Since you have tests which are failing, it means you have to make changes to the system.

Looking at the XHTML Sanitizer, you may have noticed an array String[] whiteList which looks like it is used for configuration; any <!ELEMENT > items in this array allow a new element (tag) to be in the content and <!ATTLIST > allows an attribute. Add items to this to accommodate the following new HTML5 tags and attributes:

  • The <section> element.
  • The <article> element
  • The <aside> element
  • The <hgroup> element
  • The <mark> element
  • The lt;meter> element
  • The <time> element
  • The <wbr> element
  • The ordered list <ol> element’s new reversed attribute

Step 5 – Run All Tests Again.

This time, things should be a little different.

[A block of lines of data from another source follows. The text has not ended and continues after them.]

lemma ces_inf_linear_combination_preimage:
  assumes inj: "inj_on T ces_inf"
    and add: "\<forall>a\<in>ces_inf. \<forall>b\<in>ces_inf. T (\<lambda>n. a n + b n) = (\<lambda>n. T a n + T b n)"
    and scale: "\<forall>c::real. \<forall>a\<in>ces_inf. T (\<lambda>n. c * a n) = (\<lambda>n. c * T a n)"
    and F: "finite F" and a: "\<And>j. j \<in> F \<Longrightarrow> a j \<in> ces_inf" and v: "v \<in> ces_inf"
    and image: "\<And>k. (\<Sum>j\<in>F. c j * T (a j) k) = d * T v k"
  shows "(\<lambda>n. \<Sum>j\<in>F. c j * a j n) = (\<lambda>n. d * v n)"
proof (rule inj_onD[OF inj])
  have "T (\<lambda>n. d * v n) = (\<lambda>k. \<Sum>j\<in>F. c j * T (a j) k)"
    using scale v by (simp add: image)
  then show "T (\<lambda>n. \<Sum>j\<in>F. c j * a j n) = T (\<lambda>n. d * v n)"
    using ces_inf_linear_sum[OF add scale F a] by simp
qed (use F a v in \<open>auto intro: ces_inf_sum ces_inf_scale\<close>)

lemma ces_inf_isomorphism_sign_averaging:
  assumes bij: "bij_betw T ces_inf l_inf"
    and add: "\<forall>a\<in>ces_inf. \<forall>b\<in>ces_inf. T (\<lambda>n. a n + b n) = (\<lambda>n. T a n + T b n)"
    and scale: "\<forall>c::real. \<forall>a\<in>ces_inf. T (\<lambda>n. c * a n) = (\<lambda>n. c * T a n)"
    and bounded: "\<And>a. a \<in> ces_inf \<Longrightarrow> linf_norm (T a) \<le> A * ces_norm a"
    and inverse_bounded: "\<And>a. a \<in> ces_inf \<Longrightarrow> ces_norm a \<le> D * linf_norm (T a)"
    and A: "A > 0" and D: "D \<ge> 0" and g: "\<And>I. \<bar>g I\<bar> \<le> 1"
  obtains a where "\<And>I. a I \<in> ces_inf" and "\<And>I. ces_norm (a I) \<le> D * A"
    and "\<And>i. i < N \<Longrightarrow> (\<Sum>I\<in>Pow {..<N}. rademacher I i * a I (N + i))
                      = (\<Sum>I\<in>Pow {..<N}. rademacher I i * g I) * real N"
proof -
  define u where "u i = T (spike N i)" for i
  have u_bounded: "\<bar>u i k\<bar> \<le> A" for i k
  proof -
    have "\<bar>u i k\<bar> \<le> linf_norm (T (spike N i))"
      unfolding u_def by (rule abs_le_linf_norm[OF bij_betw_apply[OF bij spike_in_ces_inf]])
    also have "\<dots> \<le> A * ces_norm (spike N i)" by (rule bounded[OF spike_in_ces_inf])
    also have "\<dots> \<le> A" using mult_left_mono[OF ces_norm_spike_le, of A] A by simp
    finally show ?thesis .
  qed
  obtain f where f_bounded: "\<And>I k. \<bar>f I k\<bar> \<le> A"
    and f_average: "\<And>i k. i < N \<Longrightarrow> (\<Sum>I\<in>Pow {..<N}. rademacher I i * f I k)
                                   = (\<Sum>I\<in>Pow {..<N}. rademacher I i * g I) * u i k"
    using linf_sign_averaging[of A N u g] A u_bounded g by blast
  have f_in: "f I \<in> l_inf" and f_norm: "linf_norm (f I) \<le> A" for I
    using l_inf_uniformly_bounded[of "f I" A] f_bounded by auto
  define a where "a I = inv_into ces_inf T (f I)" for I
  have a: "a I \<in> ces_inf" for I
    unfolding a_def by (rule bij_betw_apply[OF bij_betw_inv_into[OF bij] f_in])
  have Ta: "T (a I) = f I" for I
    unfolding a_def by (rule bij_betw_inv_into_right[OF bij f_in])
  have a_norm: "ces_norm (a I) \<le> D * A" for I
    using inverse_bounded[OF a, of I] mult_left_mono[OF f_norm[of I] D] by (simp add: Ta)
  have coordinate: "(\<Sum>I\<in>Pow {..<N}. rademacher I i * a I (N + i))
      = (\<Sum>I\<in>Pow {..<N}. rademacher I i * g I) * real N" if i: "i < N" for i
  proof -
    have "(\<lambda>n. \<Sum>I\<in>Pow {..<N}. rademacher I i * a I n)
        = (\<lambda>n. (\<Sum>I\<in>Pow {..<N}. rademacher I i * g I) * spike N i n)"
      using bij_betw_imp_inj_on[OF bij] add scale _ a spike_in_ces_inf
      by (rule ces_inf_linear_combination_preimage) (simp_all add: Ta f_average[OF i] u_def)
    from fun_cong[OF this, of "N + i"] show ?thesis by (simp add: spike_def)
  qed
  show ?thesis using a a_norm coordinate by (rule that)
qed

lemma ces_inf_isomorphism_constant_bound:
  assumes bij: "bij_betw T ces_inf l_inf"
    and add: "\<forall>a\<in>ces_inf. \<forall>b\<in>ces_inf. T (\<lambda>n. a n + b n) = (\<lambda>n. T a n + T b n)"
    and scale: "\<forall>c::real. \<forall>a\<in>ces_inf. T (\<lambda>n. c * a n) = (\<lambda>n. c * T a n)"
    and bounded: "\<And>a. a \<in> ces_inf \<Longrightarrow> linf_norm (T a) \<le> A * ces_norm a"
    and inverse_bounded: "\<And>a. a \<in> ces_inf \<Longrightarrow> ces_norm a \<le> D * linf_norm (T a)"
    and A: "A > 0" and D: "D \<ge> 0" and t: "t \<ge> 1"
  shows "real t \<le> 4 * D * A"
proof -
  define N where "N = t^2"
  have N: "N \<ge> 1" using t by (simp add: N_def)
  define g :: "nat set \<Rightarrow> real" where "g I = sgn (rademacher_sum N I)" for I
  have g_bounded: "\<bar>g I\<bar> \<le> 1" for I by (simp add: g_def sgn_if)
  obtain a where a: "\<And>I. a I \<in> ces_inf" and a_norm: "\<And>I. ces_norm (a I) \<le> D * A"
    and coordinate: "\<And>i. i < N \<Longrightarrow> (\<Sum>I\<in>Pow {..<N}. rademacher I i * a I (N + i))
                                 = (\<Sum>I\<in>Pow {..<N}. rademacher I i * g I) * real N"
    by (rule ces_inf_isomorphism_sign_averaging[where N=N and g=g, OF bij add scale bounded inverse_bounded
        A D g_bounded]) blast+
  have "2^N * (real t / 2) * real N \<le> (\<Sum>I\<in>Pow {..<N}. \<bar>rademacher_sum N I\<bar>) * real N"
    using mult_right_mono[OF sum_abs_rademacher_sum_ge[OF t], of "real N"] by (simp add: N_def)
  also have "\<dots> = (\<Sum>I\<in>Pow {..<N}. \<Sum>i<N. rademacher I i * g I) * real N"
    by (simp add: g_def rademacher_sum_def abs_sgn sum_distrib_right)
  also have "\<dots> = (\<Sum>i<N. \<Sum>I\<in>Pow {..<N}. rademacher I i * a I (N + i))"
    by (simp add: sum.swap[of _ "Pow {..<N}"] sum_distrib_right coordinate)
  also have "\<dots> = (\<Sum>I\<in>Pow {..<N}. \<Sum>i<N. rademacher I i * a I (N + i))"
    by (rule sum.swap)
  also have "\<dots> \<le> (\<Sum>I\<in>Pow {..<N}. 2 * real N * (D * A))"
  proof (intro sum_mono)
    fix I
    have "(\<Sum>i<N. rademacher I i * a I (N + i)) \<le> (\<Sum>i<N. \<bar>a I (N + i)\<bar>)"
      by (intro sum_mono) (auto simp: rademacher_def)
    also have "\<dots> \<le> 2 * real N * ces_norm (a I)" by (rule sum_abs_block_le_ces_norm[OF N a])
    also have "\<dots> \<le> 2 * real N * (D * A)" by (intro mult_left_mono a_norm) auto
    finally show "(\<Sum>i<N. rademacher I i * a I (N + i)) \<le> 2 * real N * (D * A)" .
  qed
  also have "\<dots> = (2^N * real N) * (2 * (D * A))" by (simp add: card_Pow)
  finally have "(2^N * real N) * (real t / 2) \<le> (2^N * real N) * (2 * (D * A))"
    by (simp add: mult_ac)
  then have "real t / 2 \<le> 2 * (D * A)" by (rule mult_left_le_imp_le) (use N in simp)
  then show ?thesis by simp
qed

theorem corollary4:
  shows "\<not> seq_isomorphic ces_inf ces_norm l_inf linf_norm"
proof
  assume "seq_isomorphic ces_inf ces_norm l_inf linf_norm"
  then obtain T C D where bij: "bij_betw T ces_inf l_inf"
    and add: "\<forall>a\<in>ces_inf. \<forall>b\<in>ces_inf. T (\<lambda>n. a n + b n) = (\<lambda>n. T a n + T b n)"
    and scale: "\<forall>c::real. \<forall>a\<in>ces_inf. T (\<lambda>n. c * a n) = (\<lambda>n. c * T a n)"
    and bounded: "\<forall>a\<in>ces_inf. linf_norm (T a) \<le> C * ces_norm a"
    and inverse_bounded: "\<forall>a\<in>ces_inf. ces_norm a \<le> D * linf_norm (T a)"
    unfolding seq_isomorphic_def by blast
  have "linf_norm (T a) \<le> max C 1 * ces_norm a" if a: "a \<in> ces_inf" for a
    using bounded a mult_right_mono[OF max.cobounded1 ces_norm_nonneg[OF a]]
    by (fastforce intro: order_trans)
  moreover have "ces_norm a \<le> max D 0 * linf_norm (T a)" if a: "a \<in> ces_inf" for a
  proof -
    have "linf_norm (T a) \<ge> 0"
      using abs_le_linf_norm[OF bij_betw_apply[OF bij a], of 0] by linarith
    then show ?thesis
      using inverse_bounded a mult_right_mono[OF max.cobounded1] by (fastforce intro: order_trans)
  qed
  ultimately have "real t \<le> 4 * max D 0 * max C 1" if "t \<ge> 1" for t
    using ces_inf_isomorphism_constant_bound[OF bij add scale] that by simp
  from this[of "nat \<lceil>4 * max D 0 * max C 1\<rceil> + 1"] show False by linarith
qed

If then original tests fail but some of your new HTML5 tests pass, don’t panic – everything is good. You’re doing fine; the Unit Tests have just helped you uncover a software fault, which has now resulted in errors and into failures. (for an explination of the difference between a "fault", "error" and "failure" see What is a software fault in testing? on Stack Overflow)

Since you both have to retain all old functionality while introducing new functionality, you will have to use the Eclipse Debugging tools to determine why they are failing and fix any defects causing the problem.